Stored data entries:

·····

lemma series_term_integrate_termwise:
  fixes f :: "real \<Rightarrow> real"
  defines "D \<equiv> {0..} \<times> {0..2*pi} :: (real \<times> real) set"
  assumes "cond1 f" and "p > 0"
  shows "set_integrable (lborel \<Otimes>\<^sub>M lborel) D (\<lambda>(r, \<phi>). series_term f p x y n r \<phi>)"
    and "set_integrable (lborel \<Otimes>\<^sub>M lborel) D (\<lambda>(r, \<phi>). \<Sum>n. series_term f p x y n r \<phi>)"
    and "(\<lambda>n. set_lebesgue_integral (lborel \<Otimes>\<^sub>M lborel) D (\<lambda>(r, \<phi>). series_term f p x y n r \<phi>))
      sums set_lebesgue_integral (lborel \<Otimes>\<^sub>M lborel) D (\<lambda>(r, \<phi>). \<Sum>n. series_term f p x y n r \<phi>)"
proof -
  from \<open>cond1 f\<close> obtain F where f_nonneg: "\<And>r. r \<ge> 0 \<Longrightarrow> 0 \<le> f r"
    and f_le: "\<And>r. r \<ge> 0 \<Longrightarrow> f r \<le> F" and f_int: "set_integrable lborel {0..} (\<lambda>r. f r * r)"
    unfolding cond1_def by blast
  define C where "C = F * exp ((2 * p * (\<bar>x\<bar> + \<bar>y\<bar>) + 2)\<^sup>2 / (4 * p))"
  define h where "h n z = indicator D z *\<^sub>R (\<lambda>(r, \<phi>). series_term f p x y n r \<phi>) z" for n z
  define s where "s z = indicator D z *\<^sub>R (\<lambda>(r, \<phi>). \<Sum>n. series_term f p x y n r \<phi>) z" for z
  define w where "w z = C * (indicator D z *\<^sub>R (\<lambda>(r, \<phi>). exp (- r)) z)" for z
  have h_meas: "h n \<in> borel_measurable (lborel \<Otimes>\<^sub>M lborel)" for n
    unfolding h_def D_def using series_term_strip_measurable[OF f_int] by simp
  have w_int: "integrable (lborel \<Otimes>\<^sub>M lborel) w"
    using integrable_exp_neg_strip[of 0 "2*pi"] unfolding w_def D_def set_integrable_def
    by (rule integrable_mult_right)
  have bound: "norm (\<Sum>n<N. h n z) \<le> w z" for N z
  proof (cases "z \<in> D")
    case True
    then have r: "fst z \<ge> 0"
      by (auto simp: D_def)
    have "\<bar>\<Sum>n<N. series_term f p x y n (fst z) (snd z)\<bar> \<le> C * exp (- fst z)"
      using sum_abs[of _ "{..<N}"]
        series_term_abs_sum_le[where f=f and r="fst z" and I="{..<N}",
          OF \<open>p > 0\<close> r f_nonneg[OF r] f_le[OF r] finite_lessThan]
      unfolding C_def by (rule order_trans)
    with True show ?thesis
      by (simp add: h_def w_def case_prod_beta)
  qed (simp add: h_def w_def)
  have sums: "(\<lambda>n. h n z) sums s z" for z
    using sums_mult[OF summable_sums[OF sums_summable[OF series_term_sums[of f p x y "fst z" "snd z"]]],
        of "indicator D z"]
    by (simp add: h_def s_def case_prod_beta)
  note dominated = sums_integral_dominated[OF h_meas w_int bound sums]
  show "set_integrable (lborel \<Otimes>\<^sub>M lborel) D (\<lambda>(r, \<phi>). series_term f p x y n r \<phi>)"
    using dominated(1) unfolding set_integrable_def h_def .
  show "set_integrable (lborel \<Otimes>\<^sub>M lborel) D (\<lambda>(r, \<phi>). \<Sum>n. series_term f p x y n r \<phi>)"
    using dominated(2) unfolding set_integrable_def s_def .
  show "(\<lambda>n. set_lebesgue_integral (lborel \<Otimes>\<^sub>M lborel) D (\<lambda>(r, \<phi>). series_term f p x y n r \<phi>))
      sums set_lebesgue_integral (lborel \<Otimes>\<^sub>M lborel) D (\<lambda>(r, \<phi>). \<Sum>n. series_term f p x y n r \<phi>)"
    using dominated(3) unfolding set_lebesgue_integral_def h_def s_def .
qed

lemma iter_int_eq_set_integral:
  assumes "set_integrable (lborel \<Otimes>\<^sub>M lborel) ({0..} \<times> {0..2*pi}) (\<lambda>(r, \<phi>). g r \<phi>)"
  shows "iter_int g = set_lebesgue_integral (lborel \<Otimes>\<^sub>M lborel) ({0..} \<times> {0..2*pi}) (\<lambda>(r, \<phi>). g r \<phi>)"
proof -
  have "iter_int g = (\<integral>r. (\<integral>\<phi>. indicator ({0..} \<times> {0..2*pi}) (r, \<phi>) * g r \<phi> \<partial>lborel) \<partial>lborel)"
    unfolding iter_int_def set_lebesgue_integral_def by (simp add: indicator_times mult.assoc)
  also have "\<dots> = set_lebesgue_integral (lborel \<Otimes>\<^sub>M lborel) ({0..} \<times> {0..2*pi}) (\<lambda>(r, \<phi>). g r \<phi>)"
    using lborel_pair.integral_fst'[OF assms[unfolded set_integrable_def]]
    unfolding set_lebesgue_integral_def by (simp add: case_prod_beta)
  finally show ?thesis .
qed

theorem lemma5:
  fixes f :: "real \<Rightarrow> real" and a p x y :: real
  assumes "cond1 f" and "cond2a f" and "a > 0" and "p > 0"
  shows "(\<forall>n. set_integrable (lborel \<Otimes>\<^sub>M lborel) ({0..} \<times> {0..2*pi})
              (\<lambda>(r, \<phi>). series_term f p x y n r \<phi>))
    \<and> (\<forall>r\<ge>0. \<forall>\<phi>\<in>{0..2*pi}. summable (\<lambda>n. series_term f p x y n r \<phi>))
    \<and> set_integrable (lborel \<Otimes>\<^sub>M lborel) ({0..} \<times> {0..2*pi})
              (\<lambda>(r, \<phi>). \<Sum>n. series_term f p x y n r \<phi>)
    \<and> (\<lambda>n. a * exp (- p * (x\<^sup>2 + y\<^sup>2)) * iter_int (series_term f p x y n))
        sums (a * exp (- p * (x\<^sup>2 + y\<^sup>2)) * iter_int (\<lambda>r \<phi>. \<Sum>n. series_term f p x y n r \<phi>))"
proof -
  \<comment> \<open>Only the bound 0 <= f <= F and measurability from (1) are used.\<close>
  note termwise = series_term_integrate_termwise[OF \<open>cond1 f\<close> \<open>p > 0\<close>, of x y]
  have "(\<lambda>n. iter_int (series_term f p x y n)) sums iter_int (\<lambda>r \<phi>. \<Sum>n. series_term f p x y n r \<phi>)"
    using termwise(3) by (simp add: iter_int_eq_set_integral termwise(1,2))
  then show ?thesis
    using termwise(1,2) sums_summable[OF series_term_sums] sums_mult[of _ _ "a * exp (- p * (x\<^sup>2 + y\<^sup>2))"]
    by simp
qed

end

·····

**Aim of the exercise**
With no alteration of any kind, give the data again in full.

**Result of the task**
lemma series_term_integrate_termwise:
  fixes f :: "real \<Rightarrow> real"
  defines "D \<equiv> {0..} \<times> {0..2*pi} :: (real \<times> real) set"
  assumes "cond1 f" and "p > 0"
  shows "set_integrable (lborel \<Otimes>\<^sub>M lborel) D (\<lambda>(r, \<phi>). series_term f p x y n r \<phi>)"
    and "set_integrable (lborel \<Otimes>\<^sub>M lborel) D (\<lambda>(r, \<phi>). \<Sum>n. series_term f p x y n r \<phi>)"
    and "(\<lambda>n. set_lebesgue_integral (lborel \<Otimes>\<^sub>M lborel) D (\<lambda>(r, \<phi>). series_term f p x y n r \<phi>))
      sums set_lebesgue_integral (lborel \<Otimes>\<^sub>M lborel) D (\<lambda>(r, \<phi>). \<Sum>n. series_term f p x y n r \<phi>)"
proof -
  from \<open>cond1 f\<close> obtain F where f_nonneg: "\<And>r. r \<ge> 0 \<Longrightarrow> 0 \<le> f r"
    and f_le: "\<And>r. r \<ge> 0 \<Longrightarrow> f r \<le> F" and f_int: "set_integrable lborel {0..} (\<lambda>r. f r * r)"
    unfolding cond1_def by blast
  define C where "C = F * exp ((2 * p * (\<bar>x\<bar> + \<bar>y\<bar>) + 2)\<^sup>2 / (4 * p))"
  define h where "h n z = indicator D z *\<^sub>R (\<lambda>(r, \<phi>). series_term f p x y n r \<phi>) z" for n z
  define s where "s z = indicator D z *\<^sub>R (\<lambda>(r, \<phi>). \<Sum>n. series_term f p x y n r \<phi>) z" for z
  define w where "w z = C * (indicator D z *\<^sub>R (\<lambda>(r, \<phi>). exp (- r)) z)" for z
  have h_meas: "h n \<in> borel_measurable (lborel \<Otimes>\<^sub>M lborel)" for n
    unfolding h_def D_def using series_term_strip_measurable[OF f_int] by simp
  have w_int: "integrable (lborel \<Otimes>\<^sub>M lborel) w"
    using integrable_exp_neg_strip[of 0 "2*pi"] unfolding w_def D_def set_integrable_def
    by (rule integrable_mult_right)
  have bound: "norm (\<Sum>n<N. h n z) \<le> w z" for N z
  proof (cases "z \<in> D")
    case True
    then have r: "fst z \<ge> 0"
      by (auto simp: D_def)
    have "\<bar>\<Sum>n<N. series_term f p x y n (fst z) (snd z)\<bar> \<le> C * exp (- fst z)"
      using sum_abs[of _ "{..<N}"]
        series_term_abs_sum_le[where f=f and r="fst z" and I="{..<N}",
          OF \<open>p > 0\<close> r f_nonneg[OF r] f_le[OF r] finite_lessThan]
      unfolding C_def by (rule order_trans)
    with True show ?thesis
      by (simp add: h_def w_def case_prod_beta)
  qed (simp add: h_def w_def)
  have sums: "(\<lambda>n. h n z) sums s z" for z
    using sums_mult[OF summable_sums[OF sums_summable[OF series_term_sums[of f p x y "fst z" "snd z"]]],
        of "indicator D z"]
    by (simp add: h_def s_def case_prod_beta)
  note dominated = sums_integral_dominated[OF h_meas w_int bound sums]
  show "set_integrable (lborel \<Otimes>\<^sub>M lborel) D (\<lambda>(r, \<phi>). series_term f p x y n r \<phi>)"
    using dominated(1) unfolding set_integrable_def h_def .
  show "set_integrable (lborel \<Otimes>\<^sub>M lborel) D (\<lambda>(r, \<phi>). \<Sum>n. series_term f p x y n r \<phi>)"
    using dominated(2) unfolding set_integrable_def s_def .
  show "(\<lambda>n. set_lebesgue_integral (lborel \<Otimes>\<^sub>M lborel) D (\<lambda>(r, \<phi>). series_term f p x y n r \<phi>))
      sums set_lebesgue_integral (lborel \<Otimes>\<^sub>M lborel) D (\<lambda>(r, \<phi>). \<Sum>n. series_term f p x y n r \<phi>)"
    using dominated(3) unfolding set_lebesgue_integral_def h_def s_def .
qed

lemma iter_int_eq_set_integral:
  assumes "set_integrable (lborel \<Otimes>\<^sub>M lborel) ({0..} \<times> {0..2*pi}) (\<lambda>(r, \<phi>). g r \<phi>)"
  shows "iter_int g = set_lebesgue_integral (lborel \<Otimes>\<^sub>M lborel) ({0..} \<times> {0..2*pi}) (\<lambda>(r, \<phi>). g r \<phi>)"
proof -
  have "iter_int g = (\<integral>r. (\<integral>\<phi>. indicator ({0..} \<times> {0..2*pi}) (r, \<phi>) * g r \<phi> \<partial>lborel) \<partial>lborel)"
    unfolding iter_int_def set_lebesgue_integral_def by (simp add: indicator_times mult.assoc)
  also have "\<dots> = set_lebesgue_integral (lborel \<Otimes>\<^sub>M lborel) ({0..} \<times> {0..2*pi}) (\<lambda>(r, \<phi>). g r \<phi>)"
    using lborel_pair.integral_fst'[OF assms[unfolded set_integrable_def]]
    unfolding set_lebesgue_integral_def by (simp add: case_prod_beta)
  finally show ?thesis .
qed

theorem lemma5:
  fixes f :: "real \<Rightarrow> real" and a p x y :: real
  assumes "cond1 f" and "cond2a f" and "a > 0" and "p > 0"
  shows "(\<forall>n. set_integrable (lborel \<Otimes>\<^sub>M lborel) ({0..} \<times> {0..2*pi})
              (\<lambda>(r, \<phi>). series_term f p x y n r \<phi>))
    \<and> (\<forall>r\<ge>0. \<forall>\<phi>\<in>{0..2*pi}. summable (\<lambda>n. series_term f p x y n r \<phi>))
    \<and> set_integrable (lborel \<Otimes>\<^sub>M lborel) ({0..} \<times> {0..2*pi})
              (\<lambda>(r, \<phi>). \<Sum>n. series_term f p x y n r \<phi>)
    \<and> (\<lambda>n. a * exp (- p * (x\<^sup>2 + y\<^sup>2)) * iter_int (series_term f p x y n))
        sums (a * exp (- p * (x\<^sup>2 + y\<^sup>2)) * iter_int (\<lambda>r \<phi>. \<Sum>n. series_term f p x y n r \<phi>))"
proof -
  \<comment> \<open>Only the bound 0 <= f <= F and measurability from (1) are used.\<close>
  note termwise = series_term_integrate_termwise[OF \<open>cond1 f\<close> \<open>p > 0\<close>, of x y]
  have "(\<lambda>n. iter_int (series_term f p x y n)) sums iter_int (\<lambda>r \<phi>. \<Sum>n. series_term f p x y n r \<phi>)"
    using termwise(3) by (simp add: iter_int_eq_set_integral termwise(1,2))
  then show ?thesis
    using termwise(1,2) sums_summable[OF series_term_sums] sums_mult[of _ _ "a * exp (- p * (x\<^sup>2 + y\<^sup>2))"]
    by simp
qed

end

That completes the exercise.